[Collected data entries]
----------

(* Let $n\ge 1$, $d\ge 1$ and $R=\mathbb{C}[x_0,\dots,x_n]$. A tuple $(f_{ij}: 0\le i<j\le n)\in R_d^{\binom{n+1}{2}}$ is the tuple of determinantal equations of the eigenscheme of a partially symmetric tensor, i.e. there exist $g_0,\dots,g_n\in R_{d-1}$ with $f_{ij}=x_ig_j-x_jg_i$ for all $0\le i<j\le n$, if and only if $$x_if_{jk}-x_jf_{ik}+x_kf_{ij}=0\quad\text{for every }0\le i<j<k\le n.$$
   Context: A partially symmetric tensor is identified with a tuple $T=(g_0,\dots,g_n)$ of homogeneous polynomials $g_i\in\mathbb{C}[x_0,\dots,x_n]_{d-1}$; the determinantal equations of its eigenscheme $E(T)$ are the $2\times 2$ minors $x_ig_j-x_jg_i$ ($0\le i<j\le n$) of the matrix $\begin{pmatrix} x_0&\dots&x_n\\ g_0&\dots&g_n\end{pmatrix}$. *)

theory Defs
  imports Complex_Main "HOL-Library.Poly_Mapping"
begin

text \<open>Multivariate polynomials over the complex numbers: finitely supported maps from
  monomials (exponent vectors, finitely supported maps nat to nat) to coefficients.\<close>

type_synonym mpoly = "(nat \<Rightarrow>\<^sub>0 nat) \<Rightarrow>\<^sub>0 complex"

definition Var :: "nat \<Rightarrow> mpoly" where
  "Var i = Poly_Mapping.single (Poly_Mapping.single i 1) 1"

definition mon_deg :: "(nat \<Rightarrow>\<^sub>0 nat) \<Rightarrow> nat" where
  "mon_deg m = (\<Sum>i\<in>Poly_Mapping.keys m. Poly_Mapping.lookup m i)"

text \<open>R_d for R = C[x_0,...,x_n]: homogeneous polynomials of degree d in the variables
  x_0,...,x_n (the zero polynomial included).\<close>
definition hom_comp :: "nat \<Rightarrow> nat \<Rightarrow> mpoly set" where
  "hom_comp n d = {p. \<forall>m\<in>Poly_Mapping.keys p. Poly_Mapping.keys m \<subseteq> {0..n} \<and> mon_deg m = d}"

end

theory Submission imports Defs begin

text \<open>The forward direction is a ring identity (the expansion of a 3 x 3 determinant with two
  equal rows). For the converse, extend f antisymmetrically to F. Differentiating the syzygy
  x_i F_jk + x_j F_ki + x_k F_ij = 0 with respect to x_k and summing over k, Euler's formula
  turns the last term into d F_ij, and one gets (n + d - 1) F_ij = x_i G_j - x_j G_i with
  G_j = \<Sum>_k \<partial>_k F_kj. Since n + d - 1 > 0, g = G / (n + d - 1) works.\<close>

abbreviation var_exp :: "nat \<Rightarrow> (nat \<Rightarrow>\<^sub>0 nat)" where
  "var_exp k \<equiv> Poly_Mapping.single k 1"

lemma var_exp_add_diff:
  assumes "1 \<le> Poly_Mapping.lookup m k"
  shows "var_exp k + (m - var_exp k) = m"
  by (rule poly_mapping_eqI) (use assms in \<open>auto simp: lookup_add lookup_minus lookup_single when_def\<close>)

lemma eq_var_exp_add_iff:
  "m = var_exp k + q \<longleftrightarrow> 1 \<le> Poly_Mapping.lookup m k \<and> q = m - var_exp k"
  using var_exp_add_diff[of m k] by (auto simp: lookup_add lookup_single)

lemma lookup_Var_mult:
  "Poly_Mapping.lookup (Var k * p) m =
    (if 1 \<le> Poly_Mapping.lookup m k then Poly_Mapping.lookup p (m - var_exp k) else 0)"
proof -
  have "Poly_Mapping.lookup (Var k * p) m = (\<Sum>q. Poly_Mapping.lookup p q when m = var_exp k + q)"
    unfolding Var_def lookup_mult by (simp add: lookup_single when_mult)
  also have "\<dots> = (\<Sum>q. Poly_Mapping.lookup p q
      when 1 \<le> Poly_Mapping.lookup m k \<and> q = m - var_exp k)"
    by (simp only: eq_var_exp_add_iff)
  finally show ?thesis
    by (simp add: when_def)
qed

lemma lookup_single_0_mult:
  "Poly_Mapping.lookup (Poly_Mapping.single 0 c * p) m = c * Poly_Mapping.lookup p m"
  by (simp add: lookup_mult lookup_single when_mult mult_when)

definition partial_deriv :: "nat \<Rightarrow> mpoly \<Rightarrow> mpoly" where
  "partial_deriv k p = Abs_poly_mapping
     (\<lambda>m. of_nat (Poly_Mapping.lookup m k + 1) * Poly_Mapping.lookup p (m + var_exp k))"

lemma lookup_partial_deriv:
  "Poly_Mapping.lookup (partial_deriv k p) m =
    of_nat (Poly_Mapping.lookup m k + 1) * Poly_Mapping.lookup p (m + var_exp k)"
proof -
  have "{m. Poly_Mapping.lookup p (m + var_exp k) \<noteq> 0}
      \<subseteq> (\<lambda>q. q - var_exp k) ` Poly_Mapping.keys p"
    by (force simp: in_keys_iff)
  then have "finite {m. Poly_Mapping.lookup p (m + var_exp k) \<noteq> 0}"
    by (rule finite_subset) simp
  then show ?thesis
    unfolding partial_deriv_def by simp
qed

lemma partial_deriv_add: "partial_deriv k (p + q) = partial_deriv k p + partial_deriv k q"
  by (rule poly_mapping_eqI) (simp add: lookup_partial_deriv lookup_add algebra_simps)

lemma partial_deriv_uminus: "partial_deriv k (- p) = - partial_deriv k p"
  by (rule poly_mapping_eqI) (simp add: lookup_partial_deriv)

lemma partial_deriv_zero [simp]: "partial_deriv k 0 = 0"
  by (rule poly_mapping_eqI) (simp add: lookup_partial_deriv)

lemma partial_deriv_Var_mult:
  "partial_deriv k (Var i * p) = (if i = k then p else 0) + Var i * partial_deriv k p"
proof (rule poly_mapping_eqI)
  fix m
  have shift: "m + var_exp k - var_exp i = m - var_exp i + var_exp k"
    if "i \<noteq> k" "1 \<le> Poly_Mapping.lookup m i"
    by (rule poly_mapping_eqI) (use that in \<open>auto simp: lookup_add lookup_single lookup_minus when_def\<close>)
  have "m - var_exp k + var_exp k = m" if "1 \<le> Poly_Mapping.lookup m k"
    using var_exp_add_diff[OF that] by (simp add: add.commute)
  with shift show "Poly_Mapping.lookup (partial_deriv k (Var i * p)) m =
      Poly_Mapping.lookup ((if i = k then p else 0) + Var i * partial_deriv k p) m"
    by (cases "i = k")
      (auto simp: lookup_partial_deriv lookup_add lookup_Var_mult lookup_single lookup_minus
        when_def distrib_right)
qed

lemma mon_deg_eq_sum:
  assumes "finite S" "Poly_Mapping.keys m \<subseteq> S"
  shows "mon_deg m = (\<Sum>i\<in>S. Poly_Mapping.lookup m i)"
  unfolding mon_deg_def by (rule sum.mono_neutral_left) (use assms in \<open>auto simp: in_keys_iff\<close>)

lemma hom_comp_iff:
  "p \<in> hom_comp n d \<longleftrightarrow> (\<forall>m. Poly_Mapping.lookup p m \<noteq> 0 \<longrightarrow>
     Poly_Mapping.keys m \<subseteq> {0..n} \<and> mon_deg m = d)"
  unfolding hom_comp_def by (auto simp: in_keys_iff)

lemma euler_hom_comp:
  assumes "p \<in> hom_comp n d"
  shows "(\<Sum>k\<le>n. Var k * partial_deriv k p) = of_nat d * p"
proof (rule poly_mapping_eqI)
  fix m
  have "Poly_Mapping.lookup (\<Sum>k\<le>n. Var k * partial_deriv k p) m =
      (\<Sum>k\<le>n. of_nat (Poly_Mapping.lookup m k)) * Poly_Mapping.lookup p m"
    unfolding lookup_sum sum_distrib_right
  proof (rule sum.cong[OF refl])
    fix k
    have "m - var_exp k + var_exp k = m" if "1 \<le> Poly_Mapping.lookup m k"
      using var_exp_add_diff[OF that] by (simp add: add.commute)
    then show "Poly_Mapping.lookup (Var k * partial_deriv k p) m =
        of_nat (Poly_Mapping.lookup m k) * Poly_Mapping.lookup p m"
      by (auto simp: lookup_Var_mult lookup_partial_deriv lookup_minus)
  qed
  also have "\<dots> = of_nat d * Poly_Mapping.lookup p m"
  proof (cases "Poly_Mapping.lookup p m = 0")
    case False
    with assms have "Poly_Mapping.keys m \<subseteq> {0..n}" "mon_deg m = d"
      unfolding hom_comp_iff by auto
    then have "(\<Sum>k\<le>n. Poly_Mapping.lookup m k) = d"
      using mon_deg_eq_sum[of "{..n}" m] by (auto simp: atLeast0AtMost)
    then show ?thesis
      by (metis of_nat_sum)
  qed simp
  finally show "Poly_Mapping.lookup (\<Sum>k\<le>n. Var k * partial_deriv k p) m =
      Poly_Mapping.lookup (of_nat d * p) m"
    by (simp flip: single_of_nat add: lookup_single_0_mult)
qed

lemma hom_comp_add: "p \<in> hom_comp n d \<Longrightarrow> q \<in> hom_comp n d \<Longrightarrow> p + q \<in> hom_comp n d"
  unfolding hom_comp_iff by (metis add.right_neutral add_0 lookup_add)

lemma hom_comp_uminus: "p \<in> hom_comp n d \<Longrightarrow> - p \<in> hom_comp n d"
  unfolding hom_comp_iff by simp

lemma hom_comp_zero: "0 \<in> hom_comp n d"
  unfolding hom_comp_iff by simp

lemma hom_comp_single_0_mult: "p \<in> hom_comp n d \<Longrightarrow> Poly_Mapping.single 0 c * p \<in> hom_comp n d"
  unfolding hom_comp_iff by (simp add: lookup_single_0_mult)

lemma hom_comp_sum: "(\<And>x. x \<in> A \<Longrightarrow> P x \<in> hom_comp n d) \<Longrightarrow> sum P A \<in> hom_comp n d"
  by (induction A rule: infinite_finite_induct) (auto intro: hom_comp_add hom_comp_zero)

lemma mon_deg_add_var_exp: "mon_deg (m + var_exp k) = mon_deg m + 1"
proof -
  let ?S = "Poly_Mapping.keys m \<union> {k}"
  have "mon_deg (m + var_exp k) = (\<Sum>i\<in>?S. Poly_Mapping.lookup (m + var_exp k) i)"
    by (rule mon_deg_eq_sum) (auto simp: in_keys_iff lookup_add lookup_single when_def split: if_splits)
  also have "\<dots> = (\<Sum>i\<in>?S. Poly_Mapping.lookup m i) + (\<Sum>i\<in>?S. Poly_Mapping.lookup (var_exp k) i)"
    by (simp add: lookup_add sum.distrib)
  also have "(\<Sum>i\<in>?S. Poly_Mapping.lookup m i) = mon_deg m"
    by (rule mon_deg_eq_sum[symmetric]) auto
  finally show ?thesis
    by (simp add: lookup_single when_def)
qed

lemma hom_comp_partial_deriv:
  assumes "p \<in> hom_comp n d"
  shows "partial_deriv k p \<in> hom_comp n (d - 1)"
  unfolding hom_comp_iff
proof (intro allI impI)
  fix m
  assume "Poly_Mapping.lookup (partial_deriv k p) m \<noteq> 0"
  then have "Poly_Mapping.lookup p (m + var_exp k) \<noteq> 0"
    by (simp add: lookup_partial_deriv)
  with assms have "Poly_Mapping.keys (m + var_exp k) \<subseteq> {0..n}" "mon_deg (m + var_exp k) = d"
    unfolding hom_comp_iff by auto
  moreover have "Poly_Mapping.keys m \<subseteq> Poly_Mapping.keys (m + var_exp k)"
    by (auto simp: in_keys_iff lookup_add)
  ultimately show "Poly_Mapping.keys m \<subseteq> {0..n} \<and> mon_deg m = d - 1"
    using mon_deg_add_var_exp[of m k] by auto
qed

lemma antisym_cyclic_eq_minors:
  fixes n :: nat and F :: "nat \<Rightarrow> nat \<Rightarrow> mpoly"
  defines "G j \<equiv> \<Sum>k\<le>n. partial_deriv k (F k j)"
  assumes antisym: "\<And>i j. F j i = - F i j"
    and hom: "\<And>i j. i \<le> n \<Longrightarrow> j \<le> n \<Longrightarrow> F i j \<in> hom_comp n d"
    and cyclic: "\<And>i j k. i \<le> n \<Longrightarrow> j \<le> n \<Longrightarrow> k \<le> n \<Longrightarrow>
      Var i * F j k + Var j * F k i + Var k * F i j = 0"
    and "i \<le> n" "j \<le> n"
  shows "of_nat (n + 1 + d) * F i j = Var i * G j - Var j * G i + 2 * F i j"
proof -
  have "0 = (\<Sum>k\<le>n. partial_deriv k (Var i * F j k + Var j * F k i + Var k * F i j))"
    using cyclic \<open>i \<le> n\<close> \<open>j \<le> n\<close> by simp
  also have "\<dots> = (\<Sum>k\<le>n. (if i = k then F j k else 0) + (if j = k then F k i else 0))
      + Var i * (\<Sum>k\<le>n. partial_deriv k (F j k)) + Var j * G i
      + of_nat (n + 1) * F i j + (\<Sum>k\<le>n. Var k * partial_deriv k (F i j))"
    by (simp add: G_def partial_deriv_add partial_deriv_Var_mult sum.distrib sum_distrib_left
        algebra_simps)
  also have "(\<Sum>k\<le>n. (if i = k then F j k else 0) + (if j = k then F k i else 0)) = - 2 * F i j"
    using \<open>i \<le> n\<close> \<open>j \<le> n\<close> antisym[of i j] by (simp add: sum.distrib)
  also have "(\<Sum>k\<le>n. partial_deriv k (F j k)) = - G j"
    unfolding G_def by (simp add: antisym[of _ j] partial_deriv_uminus sum_negf)
  also have "(\<Sum>k\<le>n. Var k * partial_deriv k (F i j)) = of_nat d * F i j"
    using hom \<open>i \<le> n\<close> \<open>j \<le> n\<close> by (simp add: euler_hom_comp)
  finally show ?thesis
    by (simp add: algebra_simps)
qed

lemma minors_syzygy:
  "Var i * (Var j * g k - Var k * g j) - Var j * (Var i * g k - Var k * g i)
     + Var k * (Var i * g j - Var j * g i) = 0"
  by (simp add: algebra_simps)

definition antisym_ext :: "(nat \<Rightarrow> nat \<Rightarrow> 'a::ab_group_add) \<Rightarrow> nat \<Rightarrow> nat \<Rightarrow> 'a" where
  "antisym_ext f i j = (if i < j then f i j else if j < i then - f j i else 0)"

lemma antisym_ext_antisym: "antisym_ext f j i = - antisym_ext f i j"
  unfolding antisym_ext_def by auto

lemma antisym_ext_cyclic:
  assumes "\<forall>i j k. i < j \<and> j < k \<and> k \<le> n \<longrightarrow> Var i * f j k - Var j * f i k + Var k * f i j = 0"
    and "i \<le> n" "j \<le> n" "k \<le> n"
  shows "Var i * antisym_ext f j k + Var j * antisym_ext f k i + Var k * antisym_ext f i j = 0"
  using assms(1)[rule_format, of i j k] assms(1)[rule_format, of i k j]
    assms(1)[rule_format, of j i k] assms(1)[rule_format, of j k i]
    assms(1)[rule_format, of k i j] assms(1)[rule_format, of k j i] assms(2-4)
  by (auto simp: antisym_ext_def algebra_simps)

lemma syzygies_imp_minors:
  assumes "n + d \<ge> 2"
    and hom: "\<forall>i j. i < j \<and> j \<le> n \<longrightarrow> f i j \<in> hom_comp n d"
    and syz: "\<forall>i j k. i < j \<and> j < k \<and> k \<le> n \<longrightarrow> Var i * f j k - Var j * f i k + Var k * f i j = 0"
  obtains g where "\<forall>i\<le>n. g i \<in> hom_comp n (d - 1)"
    and "\<forall>i j. i < j \<and> j \<le> n \<longrightarrow> f i j = Var i * g j - Var j * g i"
proof
  define F where "F = antisym_ext f"
  define G where "G j = (\<Sum>k\<le>n. partial_deriv k (F k j))" for j
  define N where "N = n + d - 1"
  define c :: mpoly where "c = Poly_Mapping.single 0 (1 / of_nat N)"
  have "N \<noteq> 0"
    using assms(1) unfolding N_def by simp
  then have c_inverse: "c * of_nat N = 1"
    unfolding c_def by (simp only: mult_single flip: single_of_nat) simp
  have F_hom: "F i j \<in> hom_comp n d" if "i \<le> n" "j \<le> n" for i j
    using hom that unfolding F_def antisym_ext_def by (auto intro: hom_comp_uminus hom_comp_zero)
  show "\<forall>i\<le>n. c * G i \<in> hom_comp n (d - 1)"
    unfolding c_def G_def
    by (intro allI impI hom_comp_single_0_mult hom_comp_sum hom_comp_partial_deriv F_hom) auto
  show "\<forall>i j. i < j \<and> j \<le> n \<longrightarrow> f i j = Var i * (c * G j) - Var j * (c * G i)"
  proof (intro allI impI)
    fix i j
    assume ij: "i < j \<and> j \<le> n"
    have "of_nat (n + 1 + d) * F i j = Var i * G j - Var j * G i + 2 * F i j"
      unfolding G_def F_def
      using antisym_ext_antisym F_hom antisym_ext_cyclic[OF syz] ij
      by (intro antisym_cyclic_eq_minors) (auto simp: F_def)
    moreover have "of_nat (n + 1 + d) = of_nat N + (2 :: mpoly)"
      using assms(1) unfolding N_def by (simp flip: of_nat_add)
    ultimately have "of_nat N * F i j = Var i * G j - Var j * G i"
      by (metis add_right_cancel distrib_right)
    then have "F i j = c * (Var i * G j - Var j * G i)"
      by (metis c_inverse mult.assoc mult_1)
    then show "f i j = Var i * (c * G j) - Var j * (c * G i)"
      using ij by (simp add: F_def antisym_ext_def algebra_simps)
  qed
qed

theorem theorem3p1:
  fixes n d :: nat and f :: "nat \<Rightarrow> nat \<Rightarrow> mpoly"
  assumes "n \<ge> 1" and "d \<ge> 1"
    and "\<forall>i j. i < j \<and> j \<le> n \<longrightarrow> f i j \<in> hom_comp n d"
  shows "(\<exists>g :: nat \<Rightarrow> mpoly. (\<forall>i\<le>n. g i \<in> hom_comp n (d - 1)) \<and>
            (\<forall>i j. i < j \<and> j \<le> n \<longrightarrow> f i j = Var i * g j - Var j * g i))
         \<longleftrightarrow> (\<forall>i j k. i < j \<and> j < k \<and> k \<le> n \<longrightarrow>
            Var i * f j k - Var j * f i k + Var k * f i j = 0)"
proof
  assume "\<exists>g. (\<forall>i\<le>n. g i \<in> hom_comp n (d - 1)) \<and>
    (\<forall>i j. i < j \<and> j \<le> n \<longrightarrow> f i j = Var i * g j - Var j * g i)"
  then show "\<forall>i j k. i < j \<and> j < k \<and> k \<le> n \<longrightarrow> Var i * f j k - Var j * f i k + Var k * f i j = 0"
    by (auto simp: minors_syzygy)
next
  assume "\<forall>i j k. i < j \<and> j < k \<and> k \<le> n \<longrightarrow> Var i * f j k - Var j * f i k + Var k * f i j = 0"
  with assms show "\<exists>g. (\<forall>i\<le>n. g i \<in> hom_comp n (d - 1)) \<and>
    (\<forall>i j. i < j \<and> j \<le> n \<longrightarrow> f i j = Var i * g j - Var j * g i)"
    by (metis add_mono one_add_one syzygies_imp_minors)
qed

end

----------

* [WORK INSTRUCTION] Start with the line above that contains "k + (m - var_exp" and end with the line that contains "(\<lambda>m. of_nat (Poly_Mapping.lookup". Write out those lines exactly, and only those.

* [RESPONSE BOX]
  shows "var_exp k + (m - var_exp k) = m"
  by (rule poly_mapping_eqI) (use assms in \<open>auto simp: lookup_add lookup_minus lookup_single when_def\<close>)

lemma eq_var_exp_add_iff:
  "m = var_exp k + q \<longleftrightarrow> 1 \<le> Poly_Mapping.lookup m k \<and> q = m - var_exp k"
  using var_exp_add_diff[of m k] by (auto simp: lookup_add lookup_single)

lemma lookup_Var_mult:
  "Poly_Mapping.lookup (Var k * p) m =
    (if 1 \<le> Poly_Mapping.lookup m k then Poly_Mapping.lookup p (m - var_exp k) else 0)"
proof -
  have "Poly_Mapping.lookup (Var k * p) m = (\<Sum>q. Poly_Mapping.lookup p q when m = var_exp k + q)"
    unfolding Var_def lookup_mult by (simp add: lookup_single when_mult)
  also have "\<dots> = (\<Sum>q. Poly_Mapping.lookup p q
      when 1 \<le> Poly_Mapping.lookup m k \<and> q = m - var_exp k)"
    by (simp only: eq_var_exp_add_iff)
  finally show ?thesis
    by (simp add: when_def)
qed

lemma lookup_single_0_mult:
  "Poly_Mapping.lookup (Poly_Mapping.single 0 c * p) m = c * Poly_Mapping.lookup p m"
  by (simp add: lookup_mult lookup_single when_mult mult_when)

definition partial_deriv :: "nat \<Rightarrow> mpoly \<Rightarrow> mpoly" where
  "partial_deriv k p = Abs_poly_mapping
     (\<lambda>m. of_nat (Poly_Mapping.lookup m k + 1) * Poly_Mapping.lookup p (m + var_exp k))"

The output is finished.